Nel frattempo, la Commissione ha svolto il proprio compito definendo gli indicatori di rischio, che ci aiuteranno ad analizzare il problema su base oggettiva in tutti gli Stati membri. Ritengo che in fin dei conti sia questo ciò che il Parlamento vuole. Ed è anche quello che desidera l'altra istituzione, perché non vogliamo un uso politico delle nostre libertà fondamentali; vogliamo che queste libertà siano un diritto, che siano un valore di base e che siano trattate in quanto tali.
(Applausi)
Presidente. − Commissario, la prego di accettare le mie scuse a nome del Parlamento per il rumore durante il suo intervento in risposta alle osservazioni dei deputati.
Martin Schulz (S&D). – (DE) Signora Presidente, prima di esporre le mie personali osservazioni desidero sollevare una mozione d'ordine.
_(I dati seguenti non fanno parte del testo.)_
(* Let $(X,d)$ be a compact metric space and $f_{1,\infty}$ a commutative $m$-periodic sequence of continuous surjective self-maps of $X$. Then $(X,f_{1,\infty})$ is weakly mixing if and only if $(X,f_{1,\infty}^{[k]})$ is weakly mixing for every $k\ge1$.
   Context: Commutative: $f_i\circ f_j=f_j\circ f_i$ for all $i,j$. $m$-periodic: $f_{n+m}=f_n$ for all $n\ge1$. Write $f_n^i=f_{n+i-1}\circ\cdots\circ f_n$, $f_1^n=f_n\circ\cdots\circ f_1$, and $f_{1,\infty}^{[k]}=\{f_{k(n-1)+1}^k\}_{n=1}^\infty$ (whose $n$-fold composition is $f_1^{kn}$). A non-autonomous system $(Y,g_{1,\infty})$ is weakly mixing if for all non-empty open $U_1,U_2,V_1,V_2$ there is $n$ with $g_1^n(U_i)\cap V_i\ne\emptyset$, $i=1,2$. *)

theory Defs
  imports "HOL-Analysis.Analysis"
begin

text \<open>A non-autonomous system is a sequence of maps indexed from 1: f 1, f 2, ...
  (the value f 0 is irrelevant).\<close>

fun fcomp_from :: "(nat \<Rightarrow> 'a \<Rightarrow> 'a) \<Rightarrow> nat \<Rightarrow> nat \<Rightarrow> 'a \<Rightarrow> 'a" where
  "fcomp_from f i 0 = id"
| "fcomp_from f i (Suc n) = f (i + n) \<circ> fcomp_from f i n"

definition block_sys :: "nat \<Rightarrow> (nat \<Rightarrow> 'a \<Rightarrow> 'a) \<Rightarrow> nat \<Rightarrow> 'a \<Rightarrow> 'a" where
  "block_sys k f n = fcomp_from f (k * (n - 1) + 1) k"

definition commutative_sys :: "'a set \<Rightarrow> (nat \<Rightarrow> 'a \<Rightarrow> 'a) \<Rightarrow> bool" where
  "commutative_sys X f \<longleftrightarrow> (\<forall>i\<ge>1. \<forall>j\<ge>1. \<forall>x\<in>X. f i (f j x) = f j (f i x))"

definition periodic_sys :: "nat \<Rightarrow> (nat \<Rightarrow> 'a \<Rightarrow> 'a) \<Rightarrow> bool" where
  "periodic_sys m f \<longleftrightarrow> (\<forall>n\<ge>1. f (n + m) = f n)"

definition weakly_mixing_sys :: "'a::topological_space set \<Rightarrow> (nat \<Rightarrow> 'a \<Rightarrow> 'a) \<Rightarrow> bool" where
  "weakly_mixing_sys X g \<longleftrightarrow>
     (\<forall>U1 U2 V1 V2. openin (top_of_set X) U1 \<and> openin (top_of_set X) U2 \<and>
        openin (top_of_set X) V1 \<and> openin (top_of_set X) V2 \<and>
        U1 \<noteq> {} \<and> U2 \<noteq> {} \<and> V1 \<noteq> {} \<and> V2 \<noteq> {} \<longrightarrow>
        (\<exists>n\<ge>1. fcomp_from g 1 n ` U1 \<inter> V1 \<noteq> {} \<and> fcomp_from g 1 n ` U2 \<inter> V2 \<noteq> {}))"

end

theory Submission
  imports Defs
begin

text \<open>If \<open>f\<^sub>1\<^sup>n\<close> hits both pairs \<open>(U\<^sub>1, U\<^sub>2)\<close> and \<open>(V\<^sub>1, V\<^sub>2)\<close>, then, as the maps commute,
  every hitting time of the nonempty open pair
  \<open>(U\<^sub>1 \<inter> (f\<^sub>1\<^sup>n)\<inverse> U\<^sub>2, V\<^sub>1 \<inter> (f\<^sub>1\<^sup>n)\<inverse> V\<^sub>2)\<close> is a common hitting time of
  \<open>(U\<^sub>1, V\<^sub>1)\<close> and \<open>(U\<^sub>2, V\<^sub>2)\<close>. Iterating, weak mixing makes any finite family of
  nonempty open pairs hit at a common time \<open>n\<close>. Apply this to all pairs
  \<open>(U, (f\<^sub>r\<^sub>+\<^sub>1\<^sup>j)\<inverse> V)\<close> with \<open>r < m\<close>, \<open>j < k\<close>, and choose \<open>j\<close> with \<open>k\<close> dividing
  \<open>n + j\<close>: by periodicity \<open>f\<^sub>n\<^sub>+\<^sub>1\<^sup>j = f\<^sub>r\<^sub>+\<^sub>1\<^sup>j\<close> for \<open>r = n mod m\<close>, so the multiple
  \<open>n + j\<close> of \<open>k\<close> is a hitting time of \<open>(U, V)\<close>.\<close>

lemma fcomp_from_add: "fcomp_from f i (a + b) = fcomp_from f (i + a) b \<circ> fcomp_from f i a"
  by (induction b) (auto simp: add.assoc)

lemma fcomp_from_cong:
  "(\<And>t. t < j \<Longrightarrow> f (a + t) = f (b + t)) \<Longrightarrow> fcomp_from f a j = fcomp_from f b j"
  by (induction j) auto

lemma fcomp_from_block_sys: "fcomp_from (block_sys k f) 1 n = fcomp_from f 1 (k * n)"
proof (induction n)
  case (Suc n)
  have "fcomp_from f 1 (k * Suc n) = fcomp_from f (1 + k * n) k \<circ> fcomp_from f 1 (k * n)"
    using fcomp_from_add[of f 1 "k * n" k] by (simp add: algebra_simps)
  then show ?case using Suc by (simp add: block_sys_def algebra_simps)
qed simp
Credo che nessun membro della Commissione o del Consiglio, o anche di questa stessa Aula, dovrebbe essere chiamato ad affrontare il Parlamento nelle condizioni che l’onorevole Reding ha dovuto subire proprio ora. E’ semplicemente inaccettabile!
(Applausi)
Chiedo quindi all'Ufficio di presidenza di esaminare come si possa porre fine a questo disonorevole stato di cose in virtù del quale, durante le fasi finali delle discussioni in corso e durante le dichiarazioni, è possibile che si svolgano conversazioni, come ad esempio quella tra il vicepresidente Vidal-Quadras e il suo ex collega lassù che sono interessati solo e soltanto alle loro relazioni bilaterali. Non la ritengo una situazione accettabile. Chiedo quindi nuovamente all’Ufficio di presidenza di prendere in considerazione questo problema.
Vorrei ora commentare quanto detto dall'onorevole Weber, che si è rivolto personalmente a me durante la discussione sulla libertà di stampa in Italia e ha sollevato la questione degli interessi del partito socialdemocratico tedesco (SPD) sui mezzi d’informazione.
(Tumulti)
In qualità di membro di questo Parlamento e di membro della direzione del mio partito, vorrei dire che ho una certa simpatia per l’onorevole Weber. Chiunque abbia perso così tanti voti come ha fatto l'Unione cristiano sociale (CSU) in Baviera e il mio partito, vuole essere sicuro di attirare l'attenzione.
(Tumulti)
Voglio solo far notare che l'attuale assetto degli interessi del SPD nei mezzi d’informazione è il risultato della restituzione dei media tedeschi dopo l'esproprio da parte dei nazisti e dei comunisti nella Repubblica democratica tedesca. Noi socialdemocratici tedeschi siamo orgogliosi dei nostri interessi nei mezzi d’informazione!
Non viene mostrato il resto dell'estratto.